High-sensitivity C-reactive protein (hs-CRP), an acute-phase protein of systemic inflammatory response, is a potent risk indicator of cardiovascular disease [3]. However, the association between hs-CRP and progression of CKD remains controversial and the long-term longitudinal studies are limited. It is worth noting that a study has found an association between hs-CRP and development of proteinuria rather than progression in patients with type 2 diabetes [4]. The possible reason may be a short follow-up period of only 1 year. Furthermore, some studies have reported the association between hs-CRP and development or progression of CKD in diabetic or non-diabetic patients [5,6,7], while certain studies reached opposite conclusions [4, 8,9,10]. However, previous studies used a single measurement of serum hs-CRP level, which may not appropriately reflect chronic inflammatory state because hs-CRP levels show extreme fluctuations over time [11].
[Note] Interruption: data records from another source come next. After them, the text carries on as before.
definition min_spanning_acycle :: "'f::field itself \<Rightarrow> nat \<Rightarrow> 'a::linorder set set \<Rightarrow> ('a set \<Rightarrow> real) \<Rightarrow> 'a set set \<Rightarrow> bool" where
  "min_spanning_acycle F k L w S \<longleftrightarrow> spanning_acycle F k L S \<and>
     (\<forall>S'. spanning_acycle F k L S' \<longrightarrow> (\<Sum>\<tau>\<in>S. w \<tau>) \<le> (\<Sum>\<tau>\<in>S'. w \<tau>))"

text \<open>The (unique, under injectivity of w on k-faces) minimal k-spanning acycle.\<close>
definition MSA :: "'f::field itself \<Rightarrow> nat \<Rightarrow> 'a::linorder set set \<Rightarrow> ('a set \<Rightarrow> real) \<Rightarrow> 'a set set" where
  "MSA F k L w = (THE S. min_spanning_acycle F k L w S)"

definition Mphi :: "'f::field itself \<Rightarrow> (real \<Rightarrow> real) \<Rightarrow> nat \<Rightarrow> 'a::linorder set set \<Rightarrow> ('a set \<Rightarrow> real) \<Rightarrow> real" where
  "Mphi F \<phi> k L w = (\<Sum>\<tau>\<in>MSA F k L w. \<phi> (w \<tau>))"

end

theory Submission
  imports Defs
begin

text \<open>A k-spanning acycle is exactly a set S of k-faces whose boundaries are linearly independent
  (no k-cycles) and span the same space as the boundaries of all k-faces (unchanged (k-1)-homology):
  a basis of the column matroid of the k-th boundary matrix.  With injective weights the minimal
  one is the greedy basis, consisting of the k-faces whose boundary is not in the span of the
  boundaries of lighter k-faces, i.e. of the negative k-faces.

  Inserting \<sigma> can add only \<sigma> itself to the greedy basis.  A face \<tau> that drops out has the
  boundary of \<sigma> outside the span below \<tau> but inside that span enlarged by the boundary of \<tau>;
  so if two faces dropped out, the boundary of \<sigma> would lie in the span below the heavier one
  because of the lighter one, a contradiction.  If \<sigma> is positive, its boundary already lies in the
  span of lighter faces, so no span below any threshold changes and the greedy basis is unchanged.\<close>

text \<open>Linear independence of a family rather than of a set of vectors: distinct vertices all have
  the same boundary, the empty simplex.\<close>

definition independent_family ::
    "('k::field \<Rightarrow> 'b::ab_group_add \<Rightarrow> 'b) \<Rightarrow> ('c \<Rightarrow> 'b) \<Rightarrow> 'c set \<Rightarrow> bool" where
  "independent_family scale v S \<longleftrightarrow>
     (\<forall>c. (\<Sum>\<tau>\<in>S. scale (c \<tau>) (v \<tau>)) = 0 \<longrightarrow> (\<forall>\<tau>\<in>S. c \<tau> = 0))"

definition basis_subfamily ::
    "('k::field \<Rightarrow> 'b::ab_group_add \<Rightarrow> 'b) \<Rightarrow> ('c \<Rightarrow> 'b) \<Rightarrow> 'c set \<Rightarrow> 'c set \<Rightarrow> bool" where
  "basis_subfamily scale v E S \<longleftrightarrow> S \<subseteq> E \<and> independent_family scale v S \<and>
     module.span scale (v ` S) = module.span scale (v ` E)"

definition greedy_basis ::
    "('k::field \<Rightarrow> 'b::ab_group_add \<Rightarrow> 'b) \<Rightarrow> ('c \<Rightarrow> 'b) \<Rightarrow> 'c set \<Rightarrow> ('c \<Rightarrow> 'w::linorder) \<Rightarrow> 'c set" where
  "greedy_basis scale v E w = {\<tau> \<in> E. v \<tau> \<notin> module.span scale (v ` {\<rho> \<in> E. w \<rho> < w \<tau>})}"

context vector_space
begin

lemma span_image_iff_combination:
  assumes "finite A"
  shows "x \<in> span (v ` A) \<longleftrightarrow> (\<exists>c. x = (\<Sum>\<tau>\<in>A. c \<tau> *s v \<tau>))"
  using assms
proof (induction A arbitrary: x)
  case (insert a A)
  have "x \<in> span (v ` insert a A) \<longleftrightarrow> (\<exists>k c. x - k *s v a = (\<Sum>\<tau>\<in>A. c \<tau> *s v \<tau>))"
    by (simp add: span_breakdown_eq insert.IH)
  also have "\<dots> \<longleftrightarrow> (\<exists>c. x = (\<Sum>\<tau>\<in>insert a A. c \<tau> *s v \<tau>))"
  proof
    assume "\<exists>k c. x - k *s v a = (\<Sum>\<tau>\<in>A. c \<tau> *s v \<tau>)"
    then obtain k c where "x - k *s v a = (\<Sum>\<tau>\<in>A. c \<tau> *s v \<tau>)" by blast
    moreover have "(\<Sum>\<tau>\<in>A. (c(a := k)) \<tau> *s v \<tau>) = (\<Sum>\<tau>\<in>A. c \<tau> *s v \<tau>)"
      using insert.hyps by (intro sum.cong) auto
    ultimately show "\<exists>c. x = (\<Sum>\<tau>\<in>insert a A. c \<tau> *s v \<tau>)"
      using insert.hyps by (intro exI[of _ "c(a := k)"]) (simp add: algebra_simps)
  next
    assume "\<exists>c. x = (\<Sum>\<tau>\<in>insert a A. c \<tau> *s v \<tau>)"
    then obtain c where "x = (\<Sum>\<tau>\<in>insert a A. c \<tau> *s v \<tau>)" by blast
    then show "\<exists>k c. x - k *s v a = (\<Sum>\<tau>\<in>A. c \<tau> *s v \<tau>)"
      using insert.hyps by (intro exI[of _ "c a"] exI[of _ c]) simp
  qed
  finally show ?case .
qed simp

lemma combination_in_span_image:
  assumes "B \<subseteq> A"
  shows "(\<Sum>\<tau>\<in>B. c \<tau> *s v \<tau>) \<in> span (v ` A)"
  using assms by (intro span_sum span_scale span_base) auto

lemma in_span_scaleD:
  assumes "c \<noteq> 0" "c *s x \<in> span S"
  shows "x \<in> span S"
  using span_scale[OF assms(2), of "1 / c"] assms(1) by simp

lemma independent_family_not_in_span:
  assumes "finite S" "independent_family scale v S" "\<tau> \<in> S"
  shows "v \<tau> \<notin> span (v ` (S - {\<tau>}))"
proof
  assume "v \<tau> \<in> span (v ` (S - {\<tau>}))"
  then obtain c where c: "v \<tau> = (\<Sum>\<rho>\<in>S - {\<tau>}. c \<rho> *s v \<rho>)"
    using assms(1) span_image_iff_combination[of "S - {\<tau>}"] by auto
  have "(\<Sum>\<rho>\<in>S - {\<tau>}. (c(\<tau> := -1)) \<rho> *s v \<rho>) = v \<tau>"
    unfolding c by (intro sum.cong) auto
  then have "(\<Sum>\<rho>\<in>S. (c(\<tau> := -1)) \<rho> *s v \<rho>) = 0"
    using assms(1,3) by (simp add: sum.remove)
  then show False
    using assms(2,3) unfolding independent_family_def by (metis fun_upd_same neg_equal_0_iff_equal one_neq_zero)
qed

lemma independent_family_greedy_basis:
  assumes "finite E" "inj_on w E"
  shows "independent_family scale v (greedy_basis scale v E w)"
  unfolding independent_family_def
proof (intro allI impI ballI, rule ccontr)
  let ?G = "greedy_basis scale v E w"
  fix c \<tau> assume sum0: "(\<Sum>\<tau>\<in>?G. c \<tau> *s v \<tau>) = 0" and "\<tau> \<in> ?G" "c \<tau> \<noteq> 0"
  define N where "N = {\<tau> \<in> ?G. c \<tau> \<noteq> 0}"
  have "finite N" "N \<noteq> {}"
    using assms(1) \<open>\<tau> \<in> ?G\<close> \<open>c \<tau> \<noteq> 0\<close> by (auto simp: N_def greedy_basis_def)
  then have "Max (w ` N) \<in> w ` N"
    by simp
  then obtain \<tau>0 where "\<tau>0 \<in> N" "w \<tau>0 = Max (w ` N)"
    by (metis imageE)
  with \<open>finite N\<close> have max: "\<forall>\<rho>\<in>N. w \<rho> \<le> w \<tau>0"
    by simp
  have "N \<subseteq> E"
    by (auto simp: N_def greedy_basis_def)
  have lower: "N - {\<tau>0} \<subseteq> {\<rho> \<in> E. w \<rho> < w \<tau>0}"
  proof
    fix \<rho> assume "\<rho> \<in> N - {\<tau>0}"
    with \<open>N \<subseteq> E\<close> \<open>\<tau>0 \<in> N\<close> assms(2) have "\<rho> \<in> E" "w \<rho> \<noteq> w \<tau>0"
      by (auto dest: inj_onD)
    with max \<open>\<rho> \<in> N - {\<tau>0}\<close> show "\<rho> \<in> {\<rho> \<in> E. w \<rho> < w \<tau>0}"
      by force
  qed
  have "(\<Sum>\<tau>\<in>?G. c \<tau> *s v \<tau>) = (\<Sum>\<tau>\<in>N. c \<tau> *s v \<tau>)"
    using assms(1) by (intro sum.mono_neutral_right) (auto simp: N_def greedy_basis_def)
  also have "\<dots> = c \<tau>0 *s v \<tau>0 + (\<Sum>\<tau>\<in>N - {\<tau>0}. c \<tau> *s v \<tau>)"
    using \<open>finite N\<close> \<open>\<tau>0 \<in> N\<close> by (simp add: sum.remove)
  finally have "c \<tau>0 *s v \<tau>0 = - (\<Sum>\<tau>\<in>N - {\<tau>0}. c \<tau> *s v \<tau>)"
    using sum0 by (simp add: eq_neg_iff_add_eq_0)
  also have "\<dots> \<in> span (v ` {\<rho> \<in> E. w \<rho> < w \<tau>0})"
    using lower by (intro span_neg combination_in_span_image)
  finally have "c \<tau>0 *s v \<tau>0 \<in> span (v ` {\<rho> \<in> E. w \<rho> < w \<tau>0})" .
  moreover have "c \<tau>0 \<noteq> 0"
    using \<open>\<tau>0 \<in> N\<close> by (simp add: N_def)
  ultimately have "v \<tau>0 \<in> span (v ` {\<rho> \<in> E. w \<rho> < w \<tau>0})"
    by (rule in_span_scaleD[rotated])
  then show False
    using \<open>\<tau>0 \<in> N\<close> by (simp add: N_def greedy_basis_def)
qed
definition indeg :: "nat \<Rightarrow> (nat \<Rightarrow> bool) \<Rightarrow> nat \<Rightarrow> nat" where
  "indeg n ori i = (if ori (pred n i) then 1 else 0) + (if \<not> ori i then 1 else 0)"

definition orient_of :: "nat \<Rightarrow> (nat \<Rightarrow> nat) \<Rightarrow> (nat \<Rightarrow> bool)" where
  "orient_of n c' = (if \<forall>i\<in>vert n. c' i = 1 then (\<lambda>i. False)
     else (THE ori. ori \<in> orientations n \<and> (\<forall>i\<in>vert n. indeg n ori i = c' i)))"

definition PMO :: "nat \<Rightarrow> ((nat \<Rightarrow> bool) \<times> nat set) set" where
  "PMO n = {(ori, M). ori \<in> orientations n \<and> M \<subseteq> vert n \<and>
      (\<forall>i\<in>M. \<not> ori i \<and> \<not> ori (pred n i)) \<and> (\<exists>i\<in>vert n. \<not> ori i)}"

definition Phi_W :: "nat \<Rightarrow> (nat \<Rightarrow> nat) \<Rightarrow> (nat \<Rightarrow> bool) \<times> nat set" where
  "Phi_W n c = (orient_of n (mcan n c), {i \<in> vert n. c i = 2 \<and> \<not> cyc_first_max n c i})"

definition weight01 :: "nat \<Rightarrow> (nat \<Rightarrow> nat) \<Rightarrow> nat" where
  "weight01 n c = card {i \<in> vert n. c i = 0 \<or> (c i = 1 \<and>
      (\<exists>j\<in>vert n. c j = 0 \<and> (\<forall>k\<in>cyc_open n j i \<union> {i}. c k = 1)))}"

definition num_cw :: "nat \<Rightarrow> (nat \<Rightarrow> bool) \<Rightarrow> nat" where
  "num_cw n ori = card {i \<in> vert n. ori i}"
Nowadays, diabetes has become the leading cause of CKD [12], even people with prediabetes are at high risk for development or progression of CKD [13]. Therefore, we aim to investigate the clinical significance of single and persistent elevation of serum hs-CRP levels for prediction of kidney outcomes including kidney function decline, development and progression of proteinuria in a large longitudinal cohort among patients with impaired fasting glucose (IFG) or diabetes.
Materials and methods
Study population
Our study was based on a subgroup of patients with IFG or diabetes from the Kailuan cohort. Detailed information of the Kailuan cohort have been described elsewhere [14]. Briefly, from June 2006 through October 2007, 101,510 employees (81,110 (80%) men) aged ≥ 18 years including the retired in the Kailuan Group participated in a biennial health examination which was conducted in Kailuan General Hospital and its ten affiliated hospitals.
IFG was defined as fasting blood glucose (FBG) between 100 mg/dL (5.6 mmol/L) and 125 mg/dL (6.9 mmol/L) according to American Diabetes Association (ADA) criterion [15], without self-reported history of diabetes and taking hypoglycemic agents. Diabetes was defined as FBG ≥ 126 mg/dL (7.0 mmol/L), and/or self-reported history of diabetes, and/or taking hypoglycemic agents. Data of 30,016 individuals with IFG or diabetes were available. The detailed flow chart of the study population is shown in Fig. 1.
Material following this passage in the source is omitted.